Wings Without Birds

by Brian Henry

Published 1 May 2010

Brian Henry’s Wings Without Birds reconfigures the quotidian, making the everyday a site for innovation and investigation. Although diverse in form, these poems continually return to explorations of family, time, selfhood, and physical space. Moving through marriage and parenthood, the house and the backyard, Henry’s poems consider ways of being simultaneously singular and plural. Although known for having a dark and satirical sensibility, he brings compassion and self-deprecating humor to Wings Without Birds, delving into what binds people to each other. At the center of the book, the long poem “Where We Stand Now” offers a meditative stream of quotidiana that captures both the daily and the domestic with tenderness, wit, and vigor.

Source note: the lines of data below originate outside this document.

(* There is a constant $C(\mathcal{X})<\infty$ such that for every $\rho_A\in\mathcal{P}(\mathcal{X})$ there exists a trajectory $(\rho,m)\in\mathcal{CE}(\rho_A,\mathbb{1})$ with continuous $\rho$ and $\mathcal{A}(\rho,m)\le C(\mathcal{X})$, such that moreover for every $h=1/N$, $N\in\mathbb{N}$, one has $(\mathcal{I}_h\rho,\mathrm{avg}_h m)\in\mathcal{CE}_h(\rho_A,\mathbb{1})$ and $\mathcal{A}_h(\mathcal{I}_h\rho,\mathrm{avg}_h m)\le C(\mathcal{X})$. Here $\mathbb{1}\in\mathcal{P}(\mathcal{X})$ is the uniform density $\mathbb{1}(x)=1$.
   Context: Setting: $\mathcal{X}$ finite, $Q:\mathcal{X}\times\mathcal{X}\to[0,\infty)$ with $Q(x,x)=0$, irreducible, reversible with respect to its stationary distribution $\pi>0$, $\sum\pi=1$ ($\pi(x)Q(x,y)=\pi(y)Q(y,x)$). $\mathcal{P}(\mathcal{X})=\{\rho\ge0:\sum_x\pi(x)\rho(x)=1\}$. $\langle\phi,\psi\rangle_\pi=\sum_x\phi\psi\pi$, $\langle\Phi,\Psi\rangle_Q=\frac12\sum_{x,y}\Phi\Psi Q(x,y)\pi(x)$, $(\nabla_{\mathcal{X}}\psi)(x,y)=\psi(x)-\psi(y)$, $(\mathrm{div}_{\mathcal{X}}\Psi)(x)=\frac12\sum_yQ(x,y)(\Psi(y,x)-\Psi(x,y))$. $\theta:[0,\infty)^2\to[0,\infty)$ is continuous, concave, 1-homogeneous, symmetric, $C^\infty$ on $(0,\infty)^2$, $\theta(0,s)=\theta(s,0)=0$, $\theta(s,s)=s$, $\theta>0$ on $(0,\infty)^2$, nondecreasing in each argument; $\theta=-\infty$ if an argument is negative. $\alpha(s,t,m)=m^2/\theta(s,t)$ if $\theta(s,t)>0$, $0$ if $\theta(s,t)=0=m$, $+\infty$ otherwise. $\mathcal{A}(\rho,m)=\frac12\int_0^1\sum_{x,y}\alpha(\rho(t,x),\rho(t,y),m(t,x,y))Q(x,y)\pi(x)\,dt$. $\mathcal{CE}(\rho_A,\rho_B)$: measurable pairs $(\rho,m)$ with $\int_0^1\langle\partial_t\varphi,\rho\rangle_\pi+\langle\nabla_{\mathcal{X}}\varphi,m\rangle_Q\,dt=\langle\varphi(1),\rho_B\rangle_\pi-\langle\varphi(0),\rho_A\rangle_\pi$ for all $\varphi\in C^1([0,1],\mathbb{R}^{\mathcal{X}})$. Time discretization: $N\in\mathbb{N}$, $h=1/N$, $t_i=ih$, $I_i=[t_i,t_{i+1})$. $V^1_{n,h}$: continuous $\psi:[0,1]\to\mathbb{R}^{\mathcal{X}}$ affine on each $I_i$; $V^0_{n,h}$, $V^0_{e,h}$: functions $[0,1]\to\mathbb{R}^{\mathcal{X}}$ resp. $\mathbb{R}^{\mathcal{X}\times\mathcal{X}}$ constant on each $I_i$ (value denoted $\psi(t_i)$). For $\psi\in V^1_{n,h}$, $(\partial_t\psi)(t_i)=(\psi(t_{i+1})-\psi(t_i))/h$. $\mathcal{CE}_h(\rho_A,\rho_B)$ is the set of $(\rho_h,m_h)\in V^1_{n,h}\times V^0_{e,h}$ with $\rho_h(t_0)=\rho_A$, $\rho_h(t_N)=\rho_B$ and $\partial_t\rho_h(t_i)+\mathrm{div}_{\mathcal{X}}m_h(t_i)=0$ for $i=0,\dots,N-1$. $\mathrm{avg}_h$ maps a (vector-valued) measure or integrable function on $[0,1]$ to the element of $V^0_{n,h}$ (resp. $V^0_{e,h}$) whose value on $I_i$ is its average over $I_i$ (so $(\mathrm{avg}_h\psi)(t_i)=\frac12(\psi(t_i)+\psi(t_{i+1}))$ for $\psi\in V^1_{n,h}$). $\mathcal{A}_h(\rho,m)=\mathcal{A}(\mathrm{avg}_h\rho,\mathrm{avg}_hm)$. $\mathcal{I}_h:C^0([0,1],\mathbb{R}^{\mathcal{X}})\to V^1_{n,h}$ is Lagrange interpolation: $(\mathcal{I}_h\rho)(t_i)=\rho(t_i)$, $i=0,\dots,N$. *)

theory Defs
  imports "HOL-Analysis.Analysis"
begin

fun Ck_on :: "nat \<Rightarrow> (real \<times> real \<Rightarrow> real) \<Rightarrow> (real \<times> real) set \<Rightarrow> bool" where
  "Ck_on 0 f S = continuous_on S f"
| "Ck_on (Suc k) f S =
     (f differentiable_on S \<and> (\<forall>v. Ck_on k (\<lambda>p. frechet_derivative f (at p) v) S))"

definition Cinf_on :: "(real \<times> real \<Rightarrow> real) \<Rightarrow> (real \<times> real) set \<Rightarrow> bool" where
  "Cinf_on f S \<longleftrightarrow> (\<forall>k. Ck_on k f S)"

definition markov_setting :: "('x::finite \<Rightarrow> 'x \<Rightarrow> real) \<Rightarrow> ('x \<Rightarrow> real) \<Rightarrow> bool" where
  "markov_setting Q \<pi> \<longleftrightarrow>
     (\<forall>x y. Q x y \<ge> 0) \<and> (\<forall>x. Q x x = 0) \<and>
     (\<forall>x y. (x, y) \<in> {(a, b). Q a b > 0}\<^sup>*) \<and>
     (\<forall>x. \<pi> x > 0) \<and> (\<Sum>x\<in>UNIV. \<pi> x) = 1 \<and>
     (\<forall>y. (\<Sum>x\<in>UNIV. \<pi> x * Q x y) = \<pi> y * (\<Sum>z\<in>UNIV. Q y z)) \<and>
     (\<forall>x y. \<pi> x * Q x y = \<pi> y * Q y x)"

text \<open>Admissible mean theta (its values at negative arguments are irrelevant:
  they are treated as -infinity in the definition of alpha below).\<close>
definition admissible_theta :: "(real \<Rightarrow> real \<Rightarrow> real) \<Rightarrow> bool" where
  "admissible_theta \<theta> \<longleftrightarrow>
     continuous_on ({0..} \<times> {0..}) (\<lambda>(s, t). \<theta> s t) \<and>
     concave_on ({0..} \<times> {0..}) (\<lambda>(s, t). \<theta> s t) \<and>
     (\<forall>c s t. c > 0 \<longrightarrow> s \<ge> 0 \<longrightarrow> t \<ge> 0 \<longrightarrow> \<theta> (c * s) (c * t) = c * \<theta> s t) \<and>
     (\<forall>s t. s \<ge> 0 \<longrightarrow> t \<ge> 0 \<longrightarrow> \<theta> s t = \<theta> t s) \<and>
     Cinf_on (\<lambda>(s, t). \<theta> s t) ({0<..} \<times> {0<..}) \<and>
     (\<forall>s. s \<ge> 0 \<longrightarrow> \<theta> 0 s = 0 \<and> \<theta> s 0 = 0) \<and>
     (\<forall>s. s \<ge> 0 \<longrightarrow> \<theta> s s = s) \<and>
     (\<forall>s t. s > 0 \<longrightarrow> t > 0 \<longrightarrow> \<theta> s t > 0) \<and>
     (\<forall>s s' t. 0 \<le> s \<longrightarrow> s \<le> s' \<longrightarrow> 0 \<le> t \<longrightarrow> \<theta> s t \<le> \<theta> s' t \<and> \<theta> t s \<le> \<theta> t s')"

definition alpha :: "(real \<Rightarrow> real \<Rightarrow> real) \<Rightarrow> real \<Rightarrow> real \<Rightarrow> real \<Rightarrow> ennreal" where
  "alpha \<theta> s t m =
     (if s \<ge> 0 \<and> t \<ge> 0 \<and> \<theta> s t > 0 then ennreal (m\<^sup>2 / \<theta> s t)
      else if s \<ge> 0 \<and> t \<ge> 0 \<and> \<theta> s t = 0 \<and> m = 0 then 0
      else \<infinity>)"

definition in_P :: "('x::finite \<Rightarrow> real) \<Rightarrow> ('x \<Rightarrow> real) \<Rightarrow> bool" where
  "in_P \<pi> \<rho> \<longleftrightarrow> (\<forall>x. \<rho> x \<ge> 0) \<and> (\<Sum>x\<in>UNIV. \<pi> x * \<rho> x) = 1"

definition one_dens :: "'x \<Rightarrow> real" where
  "one_dens = (\<lambda>x. 1)"

definition ip_pi :: "('x::finite \<Rightarrow> real) \<Rightarrow> ('x \<Rightarrow> real) \<Rightarrow> ('x \<Rightarrow> real) \<Rightarrow> real" where
  "ip_pi \<pi> \<phi> \<psi> = (\<Sum>x\<in>UNIV. \<phi> x * \<psi> x * \<pi> x)"

definition ip_Q :: "('x::finite \<Rightarrow> 'x \<Rightarrow> real) \<Rightarrow> ('x \<Rightarrow> real)
    \<Rightarrow> ('x \<Rightarrow> 'x \<Rightarrow> real) \<Rightarrow> ('x \<Rightarrow> 'x \<Rightarrow> real) \<Rightarrow> real" where
  "ip_Q Q \<pi> \<Phi> \<Psi> = (1/2) * (\<Sum>x\<in>UNIV. \<Sum>y\<in>UNIV. \<Phi> x y * \<Psi> x y * Q x y * \<pi> x)"

definition grad :: "('x \<Rightarrow> real) \<Rightarrow> 'x \<Rightarrow> 'x \<Rightarrow> real" where
  "grad \<psi> x y = \<psi> x - \<psi> y"

definition dv :: "('x::finite \<Rightarrow> 'x \<Rightarrow> real) \<Rightarrow> ('x \<Rightarrow> 'x \<Rightarrow> real) \<Rightarrow> 'x \<Rightarrow> real" where
  "dv Q \<Psi> x = (1/2) * (\<Sum>y\<in>UNIV. Q x y * (\<Psi> y x - \<Psi> x y))"

definition action :: "('x::finite \<Rightarrow> 'x \<Rightarrow> real) \<Rightarrow> ('x \<Rightarrow> real) \<Rightarrow> (real \<Rightarrow> real \<Rightarrow> real)
    \<Rightarrow> (real \<Rightarrow> 'x \<Rightarrow> real) \<Rightarrow> (real \<Rightarrow> 'x \<Rightarrow> 'x \<Rightarrow> real) \<Rightarrow> ennreal" where
  "action Q \<pi> \<theta> \<rho> m =
     ennreal (1/2) * (\<integral>\<^sup>+ t \<in> {0..1}.
        (\<Sum>x\<in>UNIV. \<Sum>y\<in>UNIV. alpha \<theta> (\<rho> t x) (\<rho> t y) (m t x y) * ennreal (Q x y * \<pi> x)) \<partial>lborel)"

definition C1_test :: "(real \<Rightarrow> 'x \<Rightarrow> real) \<Rightarrow> (real \<Rightarrow> 'x \<Rightarrow> real) \<Rightarrow> bool" where
  "C1_test \<phi> \<phi>' \<longleftrightarrow>
     (\<forall>x. (\<forall>t\<in>{0..1}. ((\<lambda>s. \<phi> s x) has_real_derivative \<phi>' t x) (at t within {0..1}))
        \<and> continuous_on {0..1} (\<lambda>t. \<phi>' t x))"

definition in_CE :: "('x::finite \<Rightarrow> 'x \<Rightarrow> real) \<Rightarrow> ('x \<Rightarrow> real) \<Rightarrow> ('x \<Rightarrow> real) \<Rightarrow> ('x \<Rightarrow> real)
    \<Rightarrow> (real \<Rightarrow> 'x \<Rightarrow> real) \<Rightarrow> (real \<Rightarrow> 'x \<Rightarrow> 'x \<Rightarrow> real) \<Rightarrow> bool" where
  "in_CE Q \<pi> \<rho>A \<rho>B \<rho> m \<longleftrightarrow>
     (\<forall>x. set_borel_measurable lborel {0..1} (\<lambda>t. \<rho> t x)) \<and>
     (\<forall>x y. set_borel_measurable lborel {0..1} (\<lambda>t. m t x y)) \<and>
     (\<forall>\<phi> \<phi>'. C1_test \<phi> \<phi>' \<longrightarrow>
        set_integrable lborel {0..1}
          (\<lambda>t. ip_pi \<pi> (\<phi>' t) (\<rho> t) + ip_Q Q \<pi> (grad (\<phi> t)) (m t)) \<and>
        (LINT t:{0..1}|lborel. ip_pi \<pi> (\<phi>' t) (\<rho> t) + ip_Q Q \<pi> (grad (\<phi> t)) (m t))
          = ip_pi \<pi> (\<phi> 1) \<rho>B - ip_pi \<pi> (\<phi> 0) \<rho>A)"

definition node :: "nat \<Rightarrow> nat \<Rightarrow> real" where
  "node N i = real i / real N"

definition cell :: "nat \<Rightarrow> nat \<Rightarrow> real set" where
  "cell N i = {node N i ..< node N (Suc i)}"

text \<open>Index i of the interval I_i containing t (t = 1 is assigned to the last interval).\<close>
definition cell_idx :: "nat \<Rightarrow> real \<Rightarrow> nat" where
  "cell_idx N t = (if t * real N \<ge> real N then N - 1 else nat \<lfloor>t * real N\<rfloor>)"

With other poets who have informed his aesthetic – particularly James Schuyler, Kenneth Koch, and John Forbes – as the book’s presiding spirits, Henry continually explores how to occupy a moment, how to identify “what dominates the near.”


American Incident

by Brian Henry

Published 1 January 2002
This title features "Adorno on the Gold Coast" - who can blame the barometer for being called a gauche gauge which in any case is better than guage, or body thermometer oracle of the oral cavity that cannot stop your torso from wheezing in sync with the refrigerator set one notch below very very cold as the crimson rosella seems to have recovered from its defenestrating flight and tottered sous la guage affixed to the garage next door and you just don't know how to pick through what was discovered the year after the war the one with more casualties than the one before or how to deliver O2 to your lungs as they collapse slowly inside you and the facts wander across the screen some punk stole in your sleep the week you lost your keys & the bird shakes itself into the air to struggle in silence for a limb that is not there.

Brother No One

by Brian Henry

Published 15 January 2013

Written during the George W. Bush era, the poems in Brother No One take their bearings from our surveillance society, where no action or transaction goes unnoticed. Everything, from vacation spots to email messages to food choice, becomes part of the surveilled tableau, and the lines between victim, bystander, and perpetrator become blurred. The CIA regulates the sun’s rising and setting, cameras lurk behind mirrors, and every human interaction becomes fodder for film. Brian Henry takes on these issues with dizzying energy, examining their effects on language, the body, perception, and the possibility of human love. Brother No One is searingly political, deeply personal, and wholly idiosyncratic.